(* Let $n$ be a natural number, $P$ a polytope, and $f\in\operatorname{vert}(P,\triangle_n)$. Then there exists a face $G\subset\triangle_n$ such that $\dim f(P)=\dim G$, $f(P)\subset G$, and every facet of $G$ contains a facet of $f(P)$.
   Context: For convex polytopes $P,Q$, $\operatorname{Hom}(P,Q)$ is the set of maps $P\to Q$ that are restrictions of affine maps $\operatorname{Aff}(P)\to\operatorname{Aff}(Q)$; it is a convex polytope in the affine space of affine maps $\operatorname{Aff}(P)\to\operatorname{Aff}(Q)$, and $\operatorname{vert}(P,Q)$ denotes its set of vertices. $\triangle_n=\operatorname{conv}(0,e_1,\ldots,e_n)\subset\mathbb{R}^n$. A facet of a polytope is a face of codimension one in it. *)

theory Defs
  imports "HOL-Analysis.Analysis"
begin

definition std_simplex :: "(real ^ 'n) set" where
  "std_simplex = convex hull (insert 0 {axis i 1 | i. True})"

text \<open>A map is represented extensionally: as a function which is 0 outside P
  (so that a map on P corresponds to exactly one HOL function).
  Affine maps Aff(P) -> Aff(Q) are exactly restrictions of affine maps of the
  ambient spaces, i.e. x |-> h x + c with h linear.\<close>
definition Hom :: "'a::euclidean_space set \<Rightarrow> 'b::euclidean_space set \<Rightarrow> ('a \<Rightarrow> 'b) set" where
  "Hom P Q = {f. (\<forall>x\<in>P. f x \<in> Q) \<and>
                 (\<exists>h c. linear h \<and> (\<forall>x\<in>P. f x = h x + c)) \<and>
                 (\<forall>x. x \<notin> P \<longrightarrow> f x = 0)}"

definition vert :: "'a::euclidean_space set \<Rightarrow> 'b::euclidean_space set \<Rightarrow> ('a \<Rightarrow> 'b) set" where
  "vert P Q = {f \<in> Hom P Q. \<forall>g\<in>Hom P Q. \<forall>h\<in>Hom P Q. \<forall>u::real.
                 0 < u \<and> u < 1 \<and> f = (\<lambda>x. u *\<^sub>R g x + (1 - u) *\<^sub>R h x) \<longrightarrow> g = h}"

end

theory Submission
  imports Defs
begin

text \<open>Let \<open>S\<close> be the set of vertices of the simplex whose barycentric coordinate does not vanish
  identically on \<open>f(P)\<close>, and \<open>G\<close> the face they span, so that \<open>f(P) \<subseteq> G\<close>. The heart of the proof
  is a rigidity property of a vertex \<open>f\<close> of \<open>Hom(P, \<triangle>)\<close>: if an affine function \<open>\<phi>\<close> vanishes on
  \<open>f(P) \<inter> {\<lambda>\<^sub>j = 0}\<close>, then \<open>\<phi>(e\<^sub>i) = 0\<close> for every \<open>i \<in> S\<close> other than \<open>j\<close>. Otherwise the
  affine vector field \<open>D = \<Sum>\<^sub>l \<phi>(e\<^sub>l) \<lambda>\<^sub>l (e\<^sub>l - e\<^sub>j)\<close> does not move any active constraint of
  \<open>f\<close>, so \<open>f \<pm> t D \<circ> f\<close> lie in \<open>Hom(P, \<triangle>)\<close> for small \<open>t\<close>, although \<open>D \<circ> f \<noteq> 0\<close>. With \<open>\<phi>\<close>
  vanishing on all of \<open>f(P)\<close> this shows that \<open>S\<close> lies in the affine hull of \<open>f(P)\<close>, hence
  \<open>dim f(P) = |S| - 1 = dim G\<close>. Every facet of \<open>G\<close> is spanned by \<open>S - {j}\<close> for some \<open>j\<close>, and applied
  to the face \<open>f(P) \<inter> {\<lambda>\<^sub>j = 0}\<close> of \<open>f(P)\<close> the rigidity property shows that this face has
  dimension \<open>|S| - 2\<close>, i.e. is a facet of \<open>f(P)\<close>; it lies in the facet of \<open>G\<close>.\<close>

section \<open>Vertices of Hom into a polyhedron\<close>

lemma affine_hull_separation:
  fixes Z :: "'a::euclidean_space set"
  assumes "v \<notin> affine hull Z"
  obtains w b where "\<forall>y\<in>Z. w \<bullet> y + b = 0" "w \<bullet> v + b \<noteq> 0"
proof (cases "Z = {}")
  case True
  then show ?thesis
    using that[of 0 1] by simp
next
  case False
  then obtain q where q: "q \<in> Z" by blast
  let ?W = "span ((\<lambda>x. -q + x) ` (Z - {q}))"
  obtain y z where y: "y \<in> ?W" and z: "\<And>u. u \<in> ?W \<Longrightarrow> orthogonal z u" and vq: "v - q = y + z"
    using orthogonal_subspace_decomp_exists[of ?W "v - q"] by (metis span_span)
  have "z \<noteq> 0"
  proof
    assume "z = 0"
    then have "v = q + y" using vq by (simp add: algebra_simps)
    then show False using assms y affine_hull_span2[OF q] by auto
  qed
  have "z \<bullet> (y' - q) = 0" if "y' \<in> Z" for y'
  proof -
    have "y' - q \<in> ?W"
      using that by (cases "y' = q") (auto intro!: span_base image_eqI[where x=y'] simp: span_zero)
    then show ?thesis using z orthogonal_def by blast
  qed
  moreover have "z \<bullet> (v - q) \<noteq> 0"
    using vq z[OF y] \<open>z \<noteq> 0\<close> by (simp add: inner_add_right orthogonal_def)
  ultimately show ?thesis
    using that[of z "- (z \<bullet> q)"] by (auto simp: inner_diff_right)
qed

lemma small_perturbation_nonneg:
  fixes s d :: "'i \<Rightarrow> real"
  assumes "finite K" "\<And>k. k \<in> K \<Longrightarrow> 0 \<le> s k" "\<And>k. k \<in> K \<Longrightarrow> s k = 0 \<Longrightarrow> d k = 0"
  obtains \<epsilon> where "0 < \<epsilon>" "\<And>t k. \<bar>t\<bar> \<le> \<epsilon> \<Longrightarrow> k \<in> K \<Longrightarrow> 0 \<le> s k + t * d k"
proof -
  have "eventually (\<lambda>t. 0 \<le> s k + t * d k) (nhds 0)" if "k \<in> K" for k
  proof (cases "s k = 0")
    case True
    then show ?thesis using assms(3)[OF that] by simp
  next
    case False
    then have "0 < s k" using assms(2)[OF that] by simp
    moreover have "((\<lambda>t. s k + t * d k) \<longlongrightarrow> s k) (nhds 0)"
      by (auto intro!: tendsto_eq_intros filterlim_ident)
    ultimately have "eventually (\<lambda>t. 0 < s k + t * d k) (nhds 0)"
      by (simp add: order_tendstoD(1))
    then show ?thesis
      by (rule eventually_mono) simp
  qed
  then have "eventually (\<lambda>t. \<forall>k\<in>K. 0 \<le> s k + t * d k) (nhds 0)"
    using assms(1) by (intro eventually_ball_finite) auto
  then obtain r where "0 < r" "\<And>t. dist t 0 < r \<Longrightarrow> \<forall>k\<in>K. 0 \<le> s k + t * d k"
    by (auto simp: eventually_nhds_metric)
  then show ?thesis
    using that[of "r / 2"] by auto
qed

lemma convex_hull_image_affine:
  assumes "linear h" "\<forall>x\<in>convex hull V. f x = h x + c"
  shows "f ` (convex hull V) = convex hull (f ` V)"
proof -
  have "\<forall>x\<in>V. f x = c + h x"
    using assms(2) hull_subset[of V convex] by (auto simp: add.commute)
  then have "convex hull (f ` V) = (\<lambda>x. c + x) ` h ` (convex hull V)"
    by (simp add: convex_hull_linear_image[OF assms(1)] convex_hull_translation[symmetric]
        image_image cong: image_cong)
  also have "\<dots> = f ` (convex hull V)"
    using assms(2) by (auto simp: image_image add.commute cong: image_cong)
  finally show ?thesis ..
qed

lemma convex_image_Hom:
  assumes "polytope P" "f \<in> Hom P Q"
  shows "convex (f ` P)"
proof -
  obtain V where "P = convex hull V"
    using assms(1) by (auto simp: polytope_def)
  moreover obtain h c where "linear h" "\<forall>x\<in>P. f x = h x + c"
    using assms(2) by (auto simp: Hom_def)
  ultimately show ?thesis
    using convex_hull_image_affine[of h V f c] by simp
qed

lemma convex_polyhedron_inner: "convex {y. \<forall>i\<in>I. 0 \<le> a i \<bullet> y + b i}"
proof -
  have "{y. \<forall>i\<in>I. 0 \<le> a i \<bullet> y + b i} = (\<Inter>i\<in>I. {y. - b i \<le> a i \<bullet> y})"
    by fastforce
  then show ?thesis
    by (simp add: convex_INT convex_halfspace_ge)
qed

lemma vert_Hom_midpoint_eq:
  assumes "f \<in> vert P Q" "g \<in> Hom P Q" "h \<in> Hom P Q"
    and "f = (\<lambda>x. (1/2) *\<^sub>R g x + (1/2) *\<^sub>R h x)"
  shows "g = h"
proof -
  have "\<forall>g\<in>Hom P Q. \<forall>h\<in>Hom P Q. \<forall>u::real.
      0 < u \<and> u < 1 \<and> f = (\<lambda>x. u *\<^sub>R g x + (1 - u) *\<^sub>R h x) \<longrightarrow> g = h"
    using assms(1) unfolding vert_def by blast
  from this[rule_format, OF assms(2,3), of "1/2"] show ?thesis
    using assms(4) by simp
qed

lemma vert_Hom_tangent_direction_eq_0:
  fixes f :: "'a::euclidean_space \<Rightarrow> 'b::euclidean_space" and L :: "'b \<Rightarrow> 'b"
    and I :: "'i set" and a :: "'i \<Rightarrow> 'b" and b :: "'i \<Rightarrow> real"
  defines "Q \<equiv> {y. \<forall>i\<in>I. 0 \<le> a i \<bullet> y + b i}"
  assumes "polytope P" "finite I" and vert: "f \<in> vert P Q" and "linear L"
    and tangent: "\<And>x i. x \<in> P \<Longrightarrow> i \<in> I \<Longrightarrow> a i \<bullet> f x + b i = 0 \<Longrightarrow> a i \<bullet> (L (f x) + e) = 0"
    and "x \<in> P"
  shows "L (f x) + e = 0"
proof -
  obtain V where V: "finite V" "P = convex hull V"
    using assms(2) by (auto simp: polytope_def)
  have f: "f \<in> Hom P Q"
    using vert by (simp add: vert_def)
  then obtain h c where h: "linear h" "\<forall>x\<in>P. f x = h x + c"
    by (auto simp: Hom_def)
  have VP: "V \<subseteq> P"
    using V(2) by (simp add: hull_subset)
  obtain \<epsilon> where \<epsilon>: "0 < \<epsilon>"
    and small: "\<And>t v i. \<bar>t\<bar> \<le> \<epsilon> \<Longrightarrow> v \<in> V \<Longrightarrow> i \<in> I \<Longrightarrow>
                  0 \<le> (a i \<bullet> f v + b i) + t * (a i \<bullet> (L (f v) + e))"
  proof (rule small_perturbation_nonneg[of "V \<times> I" "\<lambda>(v, i). a i \<bullet> f v + b i"
                                          "\<lambda>(v, i). a i \<bullet> (L (f v) + e)"])
    show "finite (V \<times> I)"
      using V(1) assms(3) by simp
    show "\<And>k. k \<in> V \<times> I \<Longrightarrow> 0 \<le> (case k of (v, i) \<Rightarrow> a i \<bullet> f v + b i)"
      using f VP by (auto simp: Hom_def Q_def)
    show "\<And>k. k \<in> V \<times> I \<Longrightarrow> (case k of (v, i) \<Rightarrow> a i \<bullet> f v + b i) = 0 \<Longrightarrow>
              (case k of (v, i) \<Rightarrow> a i \<bullet> (L (f v) + e)) = 0"
      using tangent VP by auto
  qed (auto intro: that)
  define g where "g t x = (if x \<in> P then f x + t *\<^sub>R (L (f x) + e) else 0)" for t x
  have g_Hom: "g t \<in> Hom P Q" if "\<bar>t\<bar> \<le> \<epsilon>" for t
  proof -
    have lin: "linear (\<lambda>x. h x + t *\<^sub>R L (h x))"
      using h(1) \<open>linear L\<close>
      by (intro linearI) (simp_all add: linear_add linear_cmul algebra_simps)
    have aff: "\<forall>x\<in>P. g t x = (h x + t *\<^sub>R L (h x)) + (c + t *\<^sub>R (L c + e))"
      using h by (simp add: g_def linear_add[OF \<open>linear L\<close>] algebra_simps)
    have "g t ` V \<subseteq> Q"
      using small[OF that] VP by (auto simp: g_def Q_def inner_add_right algebra_simps)
    then have "g t ` P \<subseteq> Q"
      unfolding V(2) convex_hull_image_affine[OF lin aff[unfolded V(2)]]
      by (intro hull_minimal) (simp_all add: Q_def convex_polyhedron_inner)
    then show ?thesis
      using lin aff by (auto simp: Hom_def g_def)
  qed
  have "f = (\<lambda>x. (1/2) *\<^sub>R g \<epsilon> x + (1/2) *\<^sub>R g (-\<epsilon>) x)"
  proof
    fix x
    show "f x = (1/2) *\<^sub>R g \<epsilon> x + (1/2) *\<^sub>R g (-\<epsilon>) x"
      using f by (cases "x \<in> P") (simp_all add: g_def Hom_def algebra_simps flip: scaleR_add_left)
  qed
  then have "g \<epsilon> = g (-\<epsilon>)"
    using vert_Hom_midpoint_eq[OF vert g_Hom[of \<epsilon>] g_Hom[of "-\<epsilon>"]] \<epsilon> by simp
  then have "\<epsilon> *\<^sub>R (L (f x) + e) = (-\<epsilon>) *\<^sub>R (L (f x) + e)"
    using \<open>x \<in> P\<close> by (auto simp: g_def fun_eq_iff dest: spec[of _ x])
  then show ?thesis
    using \<epsilon> by (simp add: eq_neg_iff_add_eq_0 flip: scaleR_add_left)
qed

Exercise prompt: Note each line above that holds "assumes", then copy all of them.

Answer for the task:
  assumes "v \<notin> affine hull Z"
  assumes "finite K" "\<And>k. k \<in> K \<Longrightarrow> 0 \<le> s k" "\<And>k. k \<in> K \<Longrightarrow> s k = 0 \<Longrightarrow> d k = 0"
  assumes "linear h" "\<forall>x\<in>convex hull V. f x = h x + c"
  assumes "polytope P" "f \<in> Hom P Q"
  assumes "f \<in> vert P Q" "g \<in> Hom P Q" "h \<in> Hom P Q"
  assumes "polytope P" "finite I" and vert: "f \<in> vert P Q" and "linear L"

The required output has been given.